After the storm comes the rays of sunshine (hopefully)

On 16 March 2020 the lives of many changed. On the same date the previously bustling buildings in our towns and cities suddenly became rows of empty chairs, desks, floors and so forth. The workplaces of many are reduced to kitchen worktops and sofas. The ordering of office furniture sees a sudden surge as the rush to kit out the home began. Alongside this, the liberation of the workforce began. 

It was hoped by early 2021 that the dust would have settled, but sadly not. It’s time for businesses to assess the strategy for the short, medium and longer term. Look to take the culture of the office and the modern world of technology and a desire for more flexibility in the workplace. 
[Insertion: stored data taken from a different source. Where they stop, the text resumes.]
lemma lin_ext_dmul:
  assumes F: "\<And>\<sigma>. F \<sigma> \<noteq> 0 \<Longrightarrow> dom \<sigma> = L" and G: "\<And>\<tau>. G \<tau> \<noteq> 0 \<Longrightarrow> dom \<tau> = R"
    and "finite L" "finite R" "L \<inter> R = {}"
    and finF: "finite {\<sigma>. F \<sigma> \<noteq> 0}" and finG: "finite {\<tau>. G \<tau> \<noteq> 0}"
  shows "lin_ext scale h (dmul F G) =
    (\<Sum>(\<sigma>, \<tau>)\<in>{\<sigma>. F \<sigma> \<noteq> 0} \<times> {\<tau>. G \<tau> \<noteq> 0}. scale (F \<sigma> * G \<tau>) (h (\<sigma> ++ \<tau>)))"
proof -
  let ?P = "{\<sigma>. F \<sigma> \<noteq> 0} \<times> {\<tau>. G \<tau> \<noteq> 0}"
  have disj: "dom \<sigma> \<inter> dom \<tau> = {}" if "(\<sigma>, \<tau>) \<in> ?P" for \<sigma> \<tau>
    using that F G assms(5) by auto
  have inj: "inj_on (\<lambda>(\<sigma>, \<tau>). \<sigma> ++ \<tau>) ?P"
  proof (rule inj_onI)
    fix x y assume "x \<in> ?P" "y \<in> ?P" and "(\<lambda>(\<sigma>, \<tau>). \<sigma> ++ \<tau>) x = (\<lambda>(\<sigma>, \<tau>). \<sigma> ++ \<tau>) y"
    moreover obtain \<sigma> \<tau> \<sigma>' \<tau>' where "x = (\<sigma>, \<tau>)" "y = (\<sigma>', \<tau>')" by force
    ultimately have P: "(\<sigma>, \<tau>) \<in> ?P" "(\<sigma>', \<tau>') \<in> ?P" and eq: "\<sigma> ++ \<tau> = \<sigma>' ++ \<tau>'"
      by auto
    have "dom \<sigma> = dom \<sigma>'" "dom \<tau> = dom \<tau>'" using P F G by auto
    then show "x = y" unfolding \<open>x = (\<sigma>, \<tau>)\<close> \<open>y = (\<sigma>', \<tau>')\<close>
      using eq restrict_map_add_left[OF disj[OF P(1)]] restrict_map_add_left[OF disj[OF P(2)]]
        restrict_map_add_right[of \<sigma> \<tau>] restrict_map_add_right[of \<sigma>' \<tau>'] by metis
  qed
  have mul: "dmul F G (\<sigma> ++ \<tau>) = F \<sigma> * G \<tau>" if "(\<sigma>, \<tau>) \<in> ?P" for \<sigma> \<tau>
    using that F G assms(3,4) disj[OF that] by (intro dmul_map_add) auto
  have "lin_ext scale h (dmul F G) = (\<Sum>\<rho>\<in>(\<lambda>(\<sigma>, \<tau>). \<sigma> ++ \<tau>) ` ?P. scale (dmul F G \<rho>) (h \<rho>))"
    by (rule lin_ext_superset[OF _ support_dmul_subset]) (use finF finG in simp)
  also have "\<dots> = (\<Sum>(\<sigma>, \<tau>)\<in>?P. scale (dmul F G (\<sigma> ++ \<tau>)) (h (\<sigma> ++ \<tau>)))"
    by (subst sum.reindex[OF inj]) (simp add: case_prod_unfold)
  also have "\<dots> = (\<Sum>(\<sigma>, \<tau>)\<in>?P. scale (F \<sigma> * G \<tau>) (h (\<sigma> ++ \<tau>)))"
    by (rule sum.cong) (auto simp: mul)
  finally show ?thesis .
qed

lemma lin_ext_dder:
  assumes fin: "finite {\<sigma>. F \<sigma> \<noteq> 0}" and fin_dom: "\<And>\<sigma>. F \<sigma> \<noteq> 0 \<Longrightarrow> finite (dom \<sigma>)"
  shows "lin_ext scale h (dder F) =
    (\<Sum>(\<sigma>, i)\<in>Sigma {\<sigma>. F \<sigma> \<noteq> 0} dom. scale (F \<sigma>) (h (\<sigma>(i \<mapsto> Suc (the (\<sigma> i))))))"
proof -
  define up :: "dmon \<times> nat \<Rightarrow> dmon \<times> nat" where "up = (\<lambda>(\<sigma>, i). (\<sigma>(i \<mapsto> Suc (the (\<sigma> i))), i))"
  define down :: "dmon \<times> nat \<Rightarrow> dmon \<times> nat" where "down = (\<lambda>(\<rho>, i). (\<rho>(i \<mapsto> the (\<rho> i) - 1), i))"
  let ?S = "Sigma {\<sigma>. F \<sigma> \<noteq> 0} dom"
  let ?T = "(\<lambda>(\<sigma>, i). \<sigma>(i \<mapsto> Suc (the (\<sigma> i)))) ` ?S"
  let ?c = "\<lambda>(\<rho>, i). if \<rho> i = Some 0 then 0 else F (\<rho>(i \<mapsto> the (\<rho> i) - 1))"
  let ?Z = "{(\<rho>, i)\<in>Sigma ?T dom. ?c (\<rho>, i) = 0}"
  have finS: "finite ?S" using fin fin_dom by (rule finite_SigmaI) simp
  have finT: "finite ?T" "\<And>\<rho>. \<rho> \<in> ?T \<Longrightarrow> finite (dom \<rho>)"
    using finS fin_dom by auto
  have "lin_ext scale h (dder F) = (\<Sum>\<rho>\<in>?T. \<Sum>i\<in>dom \<rho>. scale (?c (\<rho>, i)) (h \<rho>))"
    by (subst lin_ext_superset[OF finT(1) support_dder_subset]) (simp add: dder_def scale_sum_left)
  also have "\<dots> = (\<Sum>(\<rho>, i)\<in>Sigma ?T dom. scale (?c (\<rho>, i)) (h \<rho>))"
    using finT by (subst sum.Sigma) auto
  also have "\<dots> = (\<Sum>(\<sigma>, i)\<in>?S. scale (F \<sigma>) (h (\<sigma>(i \<mapsto> Suc (the (\<sigma> i))))))"
  proof (rule sum.reindex_bij_witness_not_neutral[symmetric, where S' = "{}" and T' = ?Z
        and j = up and i = down])
    show "finite ?Z"
      by (rule finite_subset[of _ "Sigma ?T dom"]) (use finT in \<open>blast intro: finite_SigmaI\<close>)+
  next
    fix x assume "x \<in> ?S - {}"
    then obtain \<sigma> i k where x: "x = (\<sigma>, i)" "F \<sigma> \<noteq> 0" "\<sigma> i = Some k" by auto
    then show "down (up x) = x" "up x \<in> Sigma ?T dom - ?Z"
      by (auto simp: up_def down_def fun_upd_idem intro!: image_eqI[of _ _ "(\<sigma>, i)"])
  next
    fix y assume "y \<in> Sigma ?T dom - ?Z"
    then obtain \<rho> i j where y: "y = (\<rho>, i)" "\<rho> i = Some j" "?c (\<rho>, i) \<noteq> 0"
      by blast
    then have "j \<noteq> 0" "F (\<rho>(i \<mapsto> j - 1)) \<noteq> 0" by (auto split: if_splits)
    with y show "up (down y) = y" "down y \<in> ?S - {}"
      by (simp_all add: up_def down_def fun_upd_idem)
  next
    fix x assume "x \<in> ?S"
    then obtain \<sigma> i k where "x = (\<sigma>, i)" "\<sigma> i = Some k" by auto
    then show "(\<lambda>(\<rho>, i). scale (?c (\<rho>, i)) (h \<rho>)) (up x) =
        (\<lambda>(\<sigma>, i). scale (F \<sigma>) (h (\<sigma>(i \<mapsto> Suc (the (\<sigma> i)))))) x"
      by (simp add: up_def fun_upd_idem)
  qed (auto split: prod.splits if_splits)
  finally show ?thesis .
qed

end

definition gd_mon :: "gdop btree \<Rightarrow> dmon \<Rightarrow> 'k::comm_ring_1" where
  "gd_mon v = eval gd_ops (\<lambda>i. delta [i \<mapsto> 0]) v"

lemma gd_mon_simps [simp]:
  "gd_mon (Leaf i) = delta [i \<mapsto> 0]"
  "gd_mon (Node GStar l r) = dmul (gd_mon l) (gd_mon r)"
  "gd_mon (Node Star l r) = dmul (dder (gd_mon l)) (gd_mon r)"
  by (simp_all add: gd_mon_def)

lemma dom_support_gd_mon: "(gd_mon v \<sigma> :: 'k::comm_ring_1) \<noteq> 0 \<Longrightarrow> dom \<sigma> = set (leaves v)"
proof (induction v arbitrary: \<sigma>)
  case (Leaf i)
  then have "\<sigma> = [i \<mapsto> 0]" by (simp add: delta_def split: if_splits)
  then show ?case by (auto split: if_splits)
next
  case (Node g l r)
  have l: "dom \<sigma> = set (leaves l)" if "gd_mon l \<sigma> \<noteq> (0::'k)" for \<sigma>
    using Node.IH(1) that .
  have r: "dom \<sigma> = set (leaves r)" if "gd_mon r \<sigma> \<noteq> (0::'k)" for \<sigma>
    using Node.IH(2) that .
  have l': "dom \<sigma> = set (leaves l)" if "dder (gd_mon l) \<sigma> \<noteq> (0::'k)" for \<sigma>
    using l that by (rule dom_support_dder)
  show ?case
  proof (cases g)
    case GStar
    have "dom \<sigma> = set (leaves l) \<union> set (leaves r)"
      by (rule dom_support_dmul[where F = "gd_mon l" and G = "gd_mon r"])
        (use l r Node.prems GStar in auto)
    then show ?thesis by simp
  next
    case Star
    have "dom \<sigma> = set (leaves l) \<union> set (leaves r)"
      by (rule dom_support_dmul[where F = "dder (gd_mon l)" and G = "gd_mon r"])
        (use l' r Node.prems Star in auto)
    then show ?thesis by simp
  qed
qed

lemma finite_support_gd_mon: "finite {\<sigma>. (gd_mon v \<sigma> :: 'k::comm_ring_1) \<noteq> 0}"
proof (induction v)
  case (Leaf i)
  then show ?case by (simp add: delta_def)
next
  case (Node g l r)
  have "finite {\<sigma>. dder (gd_mon l) \<sigma> \<noteq> (0::'k)}"
    by (rule finite_support_dder[OF Node.IH(1)]) (simp add: dom_support_gd_mon)
  then show ?case
    using Node.IH by (cases g) (auto intro: finite_support_dmul)
qed

section \<open>Pairing Var-monomials with the model of GD^!\<close>

definition dvals :: "('a \<Rightarrow> 'a) \<Rightarrow> (nat \<Rightarrow> 'a) \<Rightarrow> dmon \<Rightarrow> nat \<Rightarrow> 'a" where
  "dvals d a \<sigma> i = (d ^^ (case \<sigma> i of None \<Rightarrow> 0 | Some k \<Rightarrow> k)) (a i)"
  • For many this was their first experience of working from home. Putting aside the “forced” part, it allowed people to see how working from home can bring positives to work/life balance. A lack of commuting and spending more time with family had a positive impact on people. 
  • The lack of physical interaction with people did impact many. People felt a lack of belonging. An indication that time in the office or at least in a workplace other than home with colleagues has a benefit to employees. Just probably a need to balance time in the office and time elsewhere (where the home or other work locations). 
  • As an individual I recharge my own energy off social energy. Yes we have the technology to connect virtually but it isn’t really the same, it just works for certain situations. A lack of connection is an indicator of a need to return to the office for some time. The last year has also highlighted for many the lack of connectivity in their home – as our homes become more Smart we need to have improved connectivity.
  • To support home working, a business needs the tools to facilitate. This is not just about what software to use for video calls but many other parts of our working life where we need tools to effectively work remotely – something as simple as access to work emails was a challenge for many.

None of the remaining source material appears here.